More than 80 years after the first patients were healed using TB antibiotics, tuberculosis worldwide remains the leading cause of infection and kills almost 1.5 million people a year. The disease has a global range, also in the United States, where more than 500 people have died from TB per year in the past ten years and the cases increase.

One reason for this is drug -resistant tribes of the disease. Another is that many common therapies for patients are difficult for patients due to the number of pills required, the duration of treatment and the serious side effects of many established therapies. This means that the treatment is canceled in some patients so that the infection is flooded back.

The aim of the EndtB-Q study was to test whether a shorter, probably better tolerated treatment against pre-XDR-TB would be effective. The study compared an experimental regime, in which a combination of four medication (Bedaquilin, Delamanide, ClofaziMin and Linezolid) took part in the basis of the standards recommended by the World Health Organization, which included four to six medicines, which was taken for 18 to 24 months for six or nine months.

The results of the study showed that the shorter regime could be a promising alternative for many patients with pre-XDR TB. A favorable result was determined by two consecutive cultures that are negative for the TB bug late in the 17-month period of the follow-up period after the randomization or by favorable bacteriological, radiological and clinical evolution in this follow-up examination. According to this standard, the shorter regime was 87 percent effective, while the longer therapy was 89 percent effective. Both groups of patients received social support, including access to nutritious foods and means of transport that help patients complete the TB treatment.
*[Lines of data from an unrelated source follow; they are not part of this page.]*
(* In the two-asset bid-ask model described in the context, let $\delta^b_t=S^b_t/S^b_{t-1}$ and $\delta^a_t=S^a_t/S^a_{t-1}$. If for all $t=1,\dots,T$ and all $c>0$, $$\mathbb{P}(\delta^b_t\le c\,|\,\mathcal{F}_{t-1})\,\mathbb{P}(\delta^a_t\ge c\,|\,\mathcal{F}_{t-1})>0\quad\text{a.s.},$$ then (NA2) holds.
   Context: $(\Omega,\mathcal{F},(\mathcal{F}_t)_{t=0,\dots,T},\mathbb{P})$ filtered complete probability space, $\mathcal{F}_0$ trivial. $d=2$. For each $t$, $S^b_t,S^a_t$ are $\mathcal{F}_t$-measurable random variables with $0<S^b_t\le S^a_t$ a.s., and the solvency cone is $\mathbf{K}_t=\{x\in\mathbb{R}^2:\ x_1+y\,x_2\ge0\ \text{for all }y\in[S^b_t,S^a_t]\}$. $L^0(\Gamma,\mathcal{F}_t)$: $\mathcal{F}_t$-measurable random vectors a.s. in $\Gamma$. $\mathsf{A}_{t,T}=\sum_{u=t}^TL^0(-\mathbf{K}_u,\mathcal{F}_u)$. (NA2): for every $t$ and $\eta_t\in L^0(\mathbb{R}^2,\mathcal{F}_t)$, if $(\eta_t+\mathsf{A}_{t,T})\cap L^0(\mathbf{K}_T,\mathcal{F}_T)\neq\emptyset$ then $\eta_t\in L^0(\mathbf{K}_t,\mathcal{F}_t)$. *)

theory Defs
  imports "HOL-Probability.Probability"
begin

definition solvency_cone :: "(nat \<Rightarrow> 'a \<Rightarrow> real) \<Rightarrow> (nat \<Rightarrow> 'a \<Rightarrow> real) \<Rightarrow> nat \<Rightarrow> 'a \<Rightarrow> (real \<times> real) set" where
  "solvency_cone Sb Sa t w = {x. \<forall>y\<in>{Sb t w..Sa t w}. fst x + y * snd x \<ge> 0}"

definition L0 :: "'a measure \<Rightarrow> 'a measure \<Rightarrow> ('a \<Rightarrow> (real \<times> real) set) \<Rightarrow> ('a \<Rightarrow> real \<times> real) set" where
  "L0 M Fu G = {X. X \<in> borel_measurable Fu \<and> (AE w in M. X w \<in> G w)}"

definition A_set :: "'a measure \<Rightarrow> (nat \<Rightarrow> 'a measure) \<Rightarrow> (nat \<Rightarrow> 'a \<Rightarrow> real) \<Rightarrow> (nat \<Rightarrow> 'a \<Rightarrow> real)
    \<Rightarrow> nat \<Rightarrow> nat \<Rightarrow> ('a \<Rightarrow> real \<times> real) set" where
  "A_set M F Sb Sa t T = {X. \<exists>\<xi> :: nat \<Rightarrow> 'a \<Rightarrow> real \<times> real.
      (\<forall>u\<in>{t..T}. \<xi> u \<in> L0 M (F u) (\<lambda>w. uminus ` solvency_cone Sb Sa u w))
      \<and> X = (\<lambda>w. \<Sum>u=t..T. \<xi> u w)}"

definition NA2 :: "'a measure \<Rightarrow> (nat \<Rightarrow> 'a measure) \<Rightarrow> (nat \<Rightarrow> 'a \<Rightarrow> real) \<Rightarrow> (nat \<Rightarrow> 'a \<Rightarrow> real)
    \<Rightarrow> nat \<Rightarrow> bool" where
  "NA2 M F Sb Sa T \<longleftrightarrow> (\<forall>t\<le>T. \<forall>\<eta>. \<eta> \<in> borel_measurable (F t) \<longrightarrow>
      (\<exists>X\<in>A_set M F Sb Sa t T. (\<lambda>w. \<eta> w + X w) \<in> L0 M (F T) (solvency_cone Sb Sa T))
      \<longrightarrow> \<eta> \<in> L0 M (F t) (solvency_cone Sb Sa t))"

end

theory Submission
  imports Defs
begin

text \<open>A position \<open>(x\<^sub>1, x\<^sub>2)\<close> (cash, stock) is solvent at time \<open>t\<close> iff
  \<open>x\<^sub>1 + Sb t \<cdot> x\<^sub>2 \<ge> 0\<close> and \<open>x\<^sub>1 + Sa t \<cdot> x\<^sub>2 \<ge> 0\<close>. By backward induction over the
  trades it suffices to show that an \<open>F t\<close>-measurable position which is solvent at time \<open>t + 1\<close> is
  solvent at time \<open>t\<close>. Conditionally on \<open>F t\<close>, the bid can fall and the ask can rise by an
  arbitrarily large factor with positive probability; a position that is short in cash or in
  stock is therefore insolvent at time \<open>t + 1\<close> on an event of positive conditional probability.
  Hence it is long in both, and so solvent at any positive prices.\<close>

lemma (in prob_space) AE_not_mem_of_cond_exp_indicator_nonzero:
  assumes G: "subalgebra M G" and A: "A \<in> sets M" and B: "B \<in> sets G"
    and disjoint: "AE w in M. w \<in> B \<longrightarrow> w \<notin> A"
    and nonzero: "AE w in M. real_cond_exp M G (indicator A) w \<noteq> 0"
  shows "AE w in M. w \<notin> B"
proof -
  interpret finite_measure_subalgebra M G
    by unfold_locales (rule G)
  let ?E = "real_cond_exp M G (indicator A)"
  have B_M: "B \<in> sets M"
    using B G by (auto simp: subalgebra_def)
  have int: "integrable M (indicator A :: _ \<Rightarrow> real)"
    using A by (simp add: integrable_indicator_iff less_top[symmetric])
  have "(\<integral>w. indicator B w * ?E w \<partial>M) = (\<integral>w. indicator B w * indicator A w \<partial>M)"
    using real_cond_exp_intA[OF int B] by (simp add: set_lebesgue_integral_def)
  also have "\<dots> = 0"
    by (rule integral_eq_zero_AE) (use disjoint in \<open>auto simp: indicator_def\<close>)
  finally have "(\<integral>w. indicator B w * ?E w \<partial>M) = 0" .
  moreover have "integrable M (\<lambda>w. indicator B w * ?E w)"
    using integrable_mult_indicator[OF B_M real_cond_exp_int(1)[OF int]] by simp
  moreover have "AE w in M. 0 \<le> ?E w"
    by (rule real_cond_exp_pos) (use A in auto)
  then have "AE w in M. 0 \<le> indicator B w * ?E w"
    by eventually_elim (auto simp: indicator_def)
  ultimately have "AE w in M. indicator B w * ?E w = 0"
    using integral_nonneg_eq_0_iff_AE by blast
  then show ?thesis
    using nonzero by eventually_elim (auto simp: indicator_def split: if_splits)
qed
(* Let $I,S:\mathbb{R}\to\mathbb{R}$ be $2\pi$-periodic Lipschitz functions with $I(\theta)\ge\rho$ for all $\theta$, for some $\rho>0$, and $\min_{[-\pi,\pi]}S<0<\max_{[-\pi,\pi]}S$. Let $(\theta_i(t))$ solve $\dot\theta_i=\omega_i+\frac{\kappa}{N}\sum_{j=1}^NI(\theta_j)S(\theta_i)$, $\theta_i(0)=\theta_i^0$. Fix $\mathcal B\subset\{1,\dots,N\}$ and let $\|\Omega_{\mathcal B}\|_\infty=\max_{i\in\mathcal B}|\omega_i|$. If \[ \kappa>\frac{\|\Omega_{\mathcal B}\|_\infty}{\rho\min\{-\min S,\max S\}}, \] then $\sup_{t\ge0}\theta_i(t)-\inf_{t\ge0}\theta_i(t)<2\pi$ for all $i\in\mathcal B$. *)

theory Defs
  imports "HOL-Analysis.Analysis"
begin

end

(*
  Let S attain its minimum at a and its maximum at b. The coupling factor
  kappa/N * sum_j I(theta_j) is at least kappa * rho, so the threshold on kappa makes
  the drift of theta_i negative whenever theta_i = a (mod 2 pi) and positive whenever
  theta_i = b (mod 2 pi): theta_i can never cross a level a + 2 pi k upwards nor a level
  b + 2 pi k downwards. Let A be the first such a-level above theta_i(0) and B the b-level
  in (A - 2 pi, A). Then theta_i stays below A, and either it reaches B and afterwards
  stays above B, or it reaches A - 2 pi and afterwards stays below A - 2 pi, or it stays
  in (A - 2 pi, B) for ever. In the first two cases the extremum of theta_i over the
  initial time interval, which lies strictly between the neighbouring levels, bounds
  the oscillation by less than 2 pi.
*)
theory Submission
  imports Defs "HOL-Library.Periodic_Fun"
begin

lemma stays_strictly_below_level:
  fixes f D :: "real \<Rightarrow> real"
  assumes der: "\<And>t. t \<ge> 0 \<Longrightarrow> (f has_real_derivative D t) (at t within {0..})"
    and crossing: "\<And>t. t \<ge> 0 \<Longrightarrow> f t = c \<Longrightarrow> D t < 0"
    and "0 \<le> s" "s \<le> t" "f s < c"
  shows "f t < c"
proof (rule ccontr)
  assume "\<not> f t < c"
  have "continuous_on {0..} f"
    using der by (intro DERIV_continuous_on) auto
  then have cont: "continuous_on {s..t} f"
    by (rule continuous_on_subset) (use \<open>0 \<le> s\<close> in auto)
  define T where "T = {r \<in> {s..t}. f r = c}"
  have "T \<noteq> {}"
    using IVT'[of f s c t] cont \<open>s \<le> t\<close> \<open>f s < c\<close> \<open>\<not> f t < c\<close> unfolding T_def by auto
  moreover have "compact T"
    using compact_Int_closed[OF compact_Icc[of s t]
        continuous_closed_preimage_constant[OF cont closed_atLeastAtMost, of c]]
    unfolding T_def by (simp add: Int_absorb1 subset_iff)
  \<comment> \<open>At the first hitting time of c the negative derivative forces f > c just before,
    so by the intermediate value theorem c was hit even earlier.\<close>
  ultimately obtain \<tau> where "\<tau> \<in> T" and first: "\<And>r. r \<in> T \<Longrightarrow> \<tau> \<le> r"
    using compact_attains_inf by metis
  then have "f \<tau> = c" "s \<le> \<tau>" "\<tau> \<le> t"
    unfolding T_def by auto
  then have "s < \<tau>"
    using \<open>f s < c\<close> by (cases "s = \<tau>") auto
  obtain d where "d > 0" and before: "\<And>h. h > 0 \<Longrightarrow> \<tau> - h \<in> {0..} \<Longrightarrow> h < d \<Longrightarrow> f \<tau> < f (\<tau> - h)"
    using has_real_derivative_neg_dec_left[OF der[of \<tau>] crossing[of \<tau>]]
      \<open>f \<tau> = c\<close> \<open>0 \<le> s\<close> \<open>s \<le> \<tau>\<close> by auto
  obtain h where "0 < h" "h < d" "h < \<tau> - s"
    using field_lbound_gt_zero[OF \<open>d > 0\<close>, of "\<tau> - s"] \<open>s < \<tau>\<close> by auto
  then have "c < f (\<tau> - h)"
    using before \<open>f \<tau> = c\<close> \<open>0 \<le> s\<close> by auto
  then obtain r where "s \<le> r" "r \<le> \<tau> - h" "f r = c"
    using IVT'[of f s c "\<tau> - h"] \<open>f s < c\<close> \<open>0 < h\<close> \<open>h < \<tau> - s\<close> \<open>\<tau> \<le> t\<close>
      continuous_on_subset[OF cont, of "{s..\<tau> - h}"] by auto
  then show False
    using first[of r] \<open>0 < h\<close> \<open>\<tau> \<le> t\<close> unfolding T_def by auto
qed
(* Let $d$ be a positive integer, let $S\in L^2(\mathbb{H})$ be the function constructed below, let $S_j(\omega)=2^{4j}S(2^j\cdot\omega)$ and $V_j=\{f\ast S_j: f\in L^2(\mathbb{H})\}$ for $j\in\mathbb{Z}$. Suppose $\Gamma$ is a lattice in $\mathbb{H}$ and $\phi\in V_0$ is such that $\{L_\gamma\phi\}_{\gamma\in\Gamma}$ is a normalized tight frame of $V_0$. Then for every $j\in\mathbb{Z}$, the family $\{\phi_{j,\gamma}\}_{\gamma\in\Gamma}$, where $\phi_{j,\gamma}(\omega)=2^{2j}\phi\big(\gamma^{-1}(2^j\cdot\omega)\big)$, is a normalized tight frame of $V_j$.
   Context: The Heisenberg group $\mathbb{H}$ is $\mathbb{R}^3$ with product $(p_1,q_1,t_1)(p_2,q_2,t_2)=(p_1+p_2,q_1+q_2,t_1+t_2+\frac12(p_1q_2-q_1p_2))$ and Lebesgue (Haar) measure; for $a>0$, $a\cdot(p,q,t)=(ap,aq,a^2t)$ is an automorphism. Convolution: $f\ast g(\omega)=\int_{\mathbb{H}}f(\nu)g(\nu^{-1}\omega)\,d\nu$. Left translation: $L_\omega f(v)=f(\omega^{-1}v)$. A lattice is a discrete subgroup with compact quotient. A family $\{g_n\}$ in a Hilbert space $\mathcal{H}$ is a normalized tight frame of $\mathcal{H}$ if $\sum_n|\langle f,g_n\rangle|^2=\|f\|^2$ for all $f\in\mathcal{H}$. For $\lambda\neq0$, $\rho_\lambda(p,q,t)\phi(x)=e^{i\lambda t}e^{i\lambda(px+\frac12pq)}\phi(x+q)$ on $L^2(\mathbb{R})$; the Fourier transform $\hat f(\lambda)=\int_{\mathbb{H}}f(\omega)\rho_\lambda(\omega)d\omega$ extends by Plancherel to a unitary map from $L^2(\mathbb{H})$ onto the square-integrable measurable fields of Hilbert–Schmidt operators on $L^2(\mathbb{R})$ over $\mathbb{R}\setminus\{0\}$ with respect to $d\mu(\lambda)=(2\pi)^{-2}|\lambda|d\lambda$. Construction of $S$: fix an orthonormal basis $\{e_i\}_{i\in\mathbb{N}_0}$ of $L^2(\mathbb{R})$, put $e_i^\lambda(x)=|\lambda|^{1/4}e_i(|\lambda|^{1/2}x)$, and for $k\in\mathbb{N}_0$ let $I^k=\left[-\frac{\pi}{2^{2k+1}d},-\frac{\pi}{2^{2k+3}d}\right)\cup\left(\frac{\pi}{2^{2k+3}d},\frac{\pi}{2^{2k+1}d}\right]$. With $u\otimes u$ the operator $g\mapsto\langle g,u\rangle u$, $S$ is the unique element of $L^2(\mathbb{H})$ with $\hat S(\lambda)=\sum_{i=0}^{2^{2k}}e_i^{\lambda/2\pi}\otimes e_i^{\lambda/2\pi}$ if $\lambda\in I^k$ for some $k$, and $\hat S(\lambda)=0$ otherwise. *)

theory Defs
  imports "HOL-Analysis.Analysis"
begin

type_synonym hpt = "real \<times> real \<times> real"

definition hmult :: "hpt \<Rightarrow> hpt \<Rightarrow> hpt" where
  "hmult x y = (case x of (p1, q1, t1) \<Rightarrow> case y of (p2, q2, t2) \<Rightarrow>
      (p1 + p2, q1 + q2, t1 + t2 + (p1 * q2 - q1 * p2) / 2))"

definition hinv :: "hpt \<Rightarrow> hpt" where
  "hinv x = (case x of (p, q, t) \<Rightarrow> (-p, -q, -t))"

definition hdil :: "real \<Rightarrow> hpt \<Rightarrow> hpt" where
  "hdil a x = (case x of (p, q, t) \<Rightarrow> (a * p, a * q, a^2 * t))"

section \<open>L^1 / L^2 notions (Lebesgue = Haar measure)\<close>

definition L2 :: "'a::euclidean_space measure \<Rightarrow> ('a \<Rightarrow> complex) \<Rightarrow> bool" where
  "L2 M f \<longleftrightarrow> f \<in> borel_measurable M \<and> integrable M (\<lambda>x. (cmod (f x))^2)"

definition l2inner :: "'a measure \<Rightarrow> ('a \<Rightarrow> complex) \<Rightarrow> ('a \<Rightarrow> complex) \<Rightarrow> complex" where
  "l2inner M f g = (LINT x|M. f x * cnj (g x))"

definition l2norm2 :: "'a measure \<Rightarrow> ('a \<Rightarrow> complex) \<Rightarrow> real" where
  "l2norm2 M f = (LINT x|M. (cmod (f x))^2)"

definition hconv :: "(hpt \<Rightarrow> complex) \<Rightarrow> (hpt \<Rightarrow> complex) \<Rightarrow> hpt \<Rightarrow> complex" where
  "hconv f g w = (LINT v|lborel. f v * g (hmult (hinv v) w))"

definition hleft :: "hpt \<Rightarrow> (hpt \<Rightarrow> complex) \<Rightarrow> hpt \<Rightarrow> complex" where
  "hleft w f = (\<lambda>v. f (hmult (hinv w) v))"

definition tight_frame :: "(hpt \<Rightarrow> complex) set \<Rightarrow> ('i \<Rightarrow> hpt \<Rightarrow> complex) \<Rightarrow> 'i set \<Rightarrow> bool" where
  "tight_frame V g I \<longleftrightarrow> (\<forall>i\<in>I. g i \<in> V) \<and>
     (\<forall>h\<in>V. ((\<lambda>i. (cmod (l2inner lborel h (g i)))^2) has_sum l2norm2 lborel h) I)"

definition hcosets :: "hpt set \<Rightarrow> hpt set set" where
  "hcosets \<Gamma> = range (\<lambda>w. (\<lambda>\<gamma>. hmult \<gamma> w) ` \<Gamma>)"

definition hquot_top :: "hpt set \<Rightarrow> hpt set topology" where
  "hquot_top \<Gamma> = topology (\<lambda>U. U \<subseteq> hcosets \<Gamma> \<and> open (\<Union>U))"

definition hlattice :: "hpt set \<Rightarrow> bool" where
  "hlattice \<Gamma> \<longleftrightarrow>
     (0, 0, 0) \<in> \<Gamma> \<and> (\<forall>x\<in>\<Gamma>. \<forall>y\<in>\<Gamma>. hmult x y \<in> \<Gamma>) \<and> (\<forall>x\<in>\<Gamma>. hinv x \<in> \<Gamma>) \<and>
     (\<forall>x\<in>\<Gamma>. \<exists>e>0. \<forall>y\<in>\<Gamma>. dist x y < e \<longrightarrow> y = x) \<and>
     compact_space (hquot_top \<Gamma>)"

definition ONB_L2R :: "(nat \<Rightarrow> real \<Rightarrow> complex) \<Rightarrow> bool" where
  "ONB_L2R e \<longleftrightarrow> (\<forall>i. L2 lborel (e i)) \<and>
     (\<forall>i j. l2inner lborel (e i) (e j) = (if i = j then 1 else 0)) \<and>
     (\<forall>g. L2 lborel g \<and> (\<forall>i. l2inner lborel g (e i) = 0) \<longrightarrow> (AE x in lborel. g x = 0))"

definition ebas :: "(nat \<Rightarrow> real \<Rightarrow> complex) \<Rightarrow> real \<Rightarrow> nat \<Rightarrow> real \<Rightarrow> complex" where
  "ebas e lam i x = complex_of_real (\<bar>lam\<bar> powr (1/4)) * e i (sqrt \<bar>lam\<bar> * x)"

definition rho :: "real \<Rightarrow> hpt \<Rightarrow> (real \<Rightarrow> complex) \<Rightarrow> real \<Rightarrow> complex" where
  "rho lam w u x = (case w of (p, q, t) \<Rightarrow>
     cis (lam * t) * cis (lam * (p * x + p * q / 2)) * u (x + q))"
Research was developed to measure the “non-inferment”, a technical term that describes when experimental treatment is good enough to replace an existing supply standard. In this study, the shorter regime did not meet this standard in the entire study population.

But not all patients reacted to the shorter regime in the same way. For example, those with more advanced lung damage did not occur as well as with less advanced diseases. For these people, the shorter regime – delivered for nine months – was not always sufficient to prevent relapse. These patients benefited more from the longer regime. This could mean that treatment in this group must be longer or that treatment with more medication needs to be reinforced, according to the researchers.

Mitnick found that other studies of shortened regime that included people with this type of drug-resistant TB in their study population did not have enough statistical power to distinguish the effectiveness of regime in people with pre-XDR TB or to distinguish between those with different degrees of symptoms.

The researchers find that the latest guidelines from WHO and North American and European experts who emerged after the end of the EndTB-Q-Studius recommend six-month regime regardless of the severity of the disease. In view of the results of the EndTB-Q study and similar results from other studies, the guidelines should be updated according to the researchers in order to take into account the consideration of layered care approaches on the basis of the resistance pattern and the extent of the disease.

After millennia of the struggle against these complex, constantly developing disease, we know that we have to tackle them with great caution and attention to detail. “

Carole Mitnick, Professor, Blavatnik Institute, Harvard Medical School

“Instead of concentrating on the 'price' of the shortened treatment, we have to keep an eye on the help of the helper as many people as possible.”

Source:

Journal Reference:

Guglielmetti, L., et al. (2025) Bedaquilin, Delamanide, Linezolid and Clofazamine for Rifampicin-Resistant and fluorchinolone-resistant tuberculosis (EndTB-Q): An open label, multicenter, layered, non-infinity, randomized, controlled phase 3 study. The Lancet Respiratory Medicine. doi.org/10.1016/S2213-2600(25)00194-8.